[Opening Data for the task section]

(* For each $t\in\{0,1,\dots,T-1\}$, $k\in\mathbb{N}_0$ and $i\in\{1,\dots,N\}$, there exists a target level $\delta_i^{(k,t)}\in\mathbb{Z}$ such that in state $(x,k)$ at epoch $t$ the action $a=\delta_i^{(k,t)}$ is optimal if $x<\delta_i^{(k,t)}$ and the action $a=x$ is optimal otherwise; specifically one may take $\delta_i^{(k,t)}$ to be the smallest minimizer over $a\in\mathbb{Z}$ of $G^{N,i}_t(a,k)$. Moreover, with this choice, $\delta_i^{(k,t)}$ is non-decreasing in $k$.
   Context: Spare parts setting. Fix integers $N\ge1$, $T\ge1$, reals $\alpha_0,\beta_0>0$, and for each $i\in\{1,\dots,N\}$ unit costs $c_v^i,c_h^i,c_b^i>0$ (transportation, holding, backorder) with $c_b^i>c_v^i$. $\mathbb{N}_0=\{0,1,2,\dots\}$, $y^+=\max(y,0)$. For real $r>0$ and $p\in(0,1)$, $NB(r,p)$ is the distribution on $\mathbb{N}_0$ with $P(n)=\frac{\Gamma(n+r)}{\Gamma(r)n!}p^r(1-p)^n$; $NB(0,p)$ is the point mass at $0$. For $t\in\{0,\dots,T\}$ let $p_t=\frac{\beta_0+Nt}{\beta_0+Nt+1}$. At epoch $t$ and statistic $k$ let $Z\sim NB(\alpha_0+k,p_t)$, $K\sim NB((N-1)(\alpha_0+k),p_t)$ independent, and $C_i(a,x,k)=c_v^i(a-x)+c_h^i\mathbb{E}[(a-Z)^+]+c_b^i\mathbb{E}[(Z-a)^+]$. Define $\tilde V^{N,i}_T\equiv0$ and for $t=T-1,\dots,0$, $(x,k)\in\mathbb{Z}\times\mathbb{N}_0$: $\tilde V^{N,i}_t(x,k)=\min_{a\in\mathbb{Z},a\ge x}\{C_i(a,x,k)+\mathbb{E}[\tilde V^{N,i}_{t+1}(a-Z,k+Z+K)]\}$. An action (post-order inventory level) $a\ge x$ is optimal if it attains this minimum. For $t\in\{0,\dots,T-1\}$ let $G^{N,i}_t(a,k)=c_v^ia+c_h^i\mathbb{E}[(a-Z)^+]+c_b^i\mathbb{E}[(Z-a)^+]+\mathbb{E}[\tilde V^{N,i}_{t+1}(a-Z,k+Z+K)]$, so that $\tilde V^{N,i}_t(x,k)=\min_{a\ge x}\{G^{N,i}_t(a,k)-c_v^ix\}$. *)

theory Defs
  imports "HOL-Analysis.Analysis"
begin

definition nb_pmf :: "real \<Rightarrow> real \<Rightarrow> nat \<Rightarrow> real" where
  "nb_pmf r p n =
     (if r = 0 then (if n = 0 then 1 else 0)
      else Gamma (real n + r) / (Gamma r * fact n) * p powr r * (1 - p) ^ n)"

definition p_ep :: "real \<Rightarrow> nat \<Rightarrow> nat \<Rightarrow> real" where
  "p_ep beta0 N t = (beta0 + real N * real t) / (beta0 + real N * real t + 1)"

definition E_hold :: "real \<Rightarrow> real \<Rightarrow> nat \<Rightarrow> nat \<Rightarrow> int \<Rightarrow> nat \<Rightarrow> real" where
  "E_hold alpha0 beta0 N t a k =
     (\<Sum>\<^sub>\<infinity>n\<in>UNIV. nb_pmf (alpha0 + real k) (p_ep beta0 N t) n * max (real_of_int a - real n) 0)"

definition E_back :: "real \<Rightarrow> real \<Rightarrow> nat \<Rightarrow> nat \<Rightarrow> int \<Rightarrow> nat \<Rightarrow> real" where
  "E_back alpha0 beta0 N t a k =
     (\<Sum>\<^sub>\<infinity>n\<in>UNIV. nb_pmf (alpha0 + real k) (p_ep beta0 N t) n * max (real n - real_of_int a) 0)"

[Closing Data for the task section]

Directions for this task:
In the records above, find each line with the word "Rightarrow" and copy it out.

The completed task:
definition nb_pmf :: "real \<Rightarrow> real \<Rightarrow> nat \<Rightarrow> real" where
definition p_ep :: "real \<Rightarrow> nat \<Rightarrow> nat \<Rightarrow> real" where
definition E_hold :: "real \<Rightarrow> real \<Rightarrow> nat \<Rightarrow> nat \<Rightarrow> int \<Rightarrow> nat \<Rightarrow> real" where
definition E_back :: "real \<Rightarrow> real \<Rightarrow> nat \<Rightarrow> nat \<Rightarrow> int \<Rightarrow> nat \<Rightarrow> real" where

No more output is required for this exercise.